Изучив доступные источники, Дэниелc нашел, что в октябре сами большевики воздерживались от восстания. Партия, как и весной, была в замешательстве и разобщена, некоторые из ее руководящих деятелей даже настолько испуганы, что были неспособны к действию, несмотря на яростные понукания Ленина, скрывавшегося в Финляндии. Затем счастье улыбнулось большевикам: Александр Керенский, глава Временного правительства, перешел к действиям. Утомленный слухами о большевистских планах восстания, он первым нанес удар, неправильно его рассчитав. Он попытался закрыть большевистские газеты, арестовать руководителей Петроградского совета, включая Троцкого, и восстановить власть правительства над гарнизоном. Когда большевики стали защищаться, правительственные силы развалились, и большевики прямым путем пришли к власти; случай им помог. Как бы то ни было, по заключению Дэниелса, решающую роль сыграл шаг, предпринятый Керенским, а не инициатива со стороны большевиков: их партия пришла к власти по воле случая. Он использовал это слово в статье в «The Russian review», опубликованной одновременно с книгой. Дэниелc сам удивлялся своему собственному выводу.

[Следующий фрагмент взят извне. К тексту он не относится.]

lemma normalizer_lower_bound:
  assumes r: "r > 0"
  shows "(2 * r) ^ DIM('a) * exp (- f x - L * DIM('a) * r\<^sup>2 / 2) \<le> Z"
proof -
  define C where "C = cbox (- (r *\<^sub>R One)) (r *\<^sub>R (One::'a))"
  define K where "K = exp (- f x - L * DIM('a) * r\<^sup>2 / 2)"
  have "((\<lambda>u. if u \<in> C then 2 * K else 0) has_integral (2 * r) ^ DIM('a) * (2 * K)) UNIV"
    using has_integral_const[of "2 * K" "- (r *\<^sub>R One)" "r *\<^sub>R (One::'a)"] r
    unfolding has_integral_restrict_UNIV C_def content_cube[OF less_imp_le[OF r]]
    by (simp only: real_scaleR_def)
  moreover have "((\<lambda>u. exp (- f (x + u)) + exp (- f (x - u))) has_integral Z + Z) UNIV"
    using has_integral_add[OF has_integral_lborel_unit_affine[OF normalizable, of 1 x]
        has_integral_lborel_unit_affine[OF normalizable, of "-1" x]] by simp
  moreover have "(if u \<in> C then 2 * K else 0) \<le> exp (- f (x + u)) + exp (- f (x - u))" for u
  proof (cases "u \<in> C")
    case True
    have "L * (norm u)\<^sup>2 \<le> L * (DIM('a) * r\<^sup>2)"
      using True norm_le_in_cube lipschitz_on_nonneg[OF lipschitz_gradient]
      unfolding C_def by (intro mult_left_mono) auto
    moreover have "f (x + u) \<le> f x + g x \<bullet> u + L / 2 * (norm u)\<^sup>2"
      and "f (x + - u) \<le> f x + g x \<bullet> (- u) + L / 2 * (norm (- u))\<^sup>2"
      by (rule lipschitz_gradient_upper_bound[OF gradient lipschitz_gradient])+
    ultimately have "K \<le> exp ((- f (x + u) + - f (x - u)) / 2)"
      unfolding K_def by (simp add: algebra_simps)
    also have "2 * \<dots> \<le> exp (- f (x + u)) + exp (- f (x - u))"
      by (rule two_exp_midpoint_le)
    finally show ?thesis using True by simp
  qed (simp add: add_nonneg_nonneg)
  ultimately have "(2 * r) ^ DIM('a) * (2 * K) \<le> Z + Z"
    by (rule has_integral_le)
  then show ?thesis unfolding K_def by simp
qed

Что же вызвало стремительный выпад Керенского — слишком слабый, чтобы привести к успеху, но достаточный, чтобы послужить вызывающим сигналом? Как отмечалось, в течение лета и осени радикальные партии, не только большевики, пользовались всё большим влиянием в советах. Все ожидали, что Второй съезд советов, открытие которого намечалось на 25 октября, создаст коалиционный кабинет и просто сместит Временное правительство Керенского. Отсюда и настойчивые призывы Ленина, требовавшего, чтобы партия захватила власть до 25-го. Только таким путем он мог сформировать желательное, однопартийное правительство. Между тем Троцкий, возглавлявший Петроградский совет, использовал его для дискредитации Временного правительства, заявляя, что Керенский намерен не допустить созыва Второго съезда советов, а выступавших на стороне съезда солдат хочет отправить на фронт. Троцкий предпринимал действия, направленные на ослабление Керенского, подрывая власть правительства над гарнизоном Петрограда и объявляя своей целью защитить Второй съезд, сорвать якобы существующий план Керенского помешать его созыву. Это и толкнуло Керенского на невыгодный для него шаг.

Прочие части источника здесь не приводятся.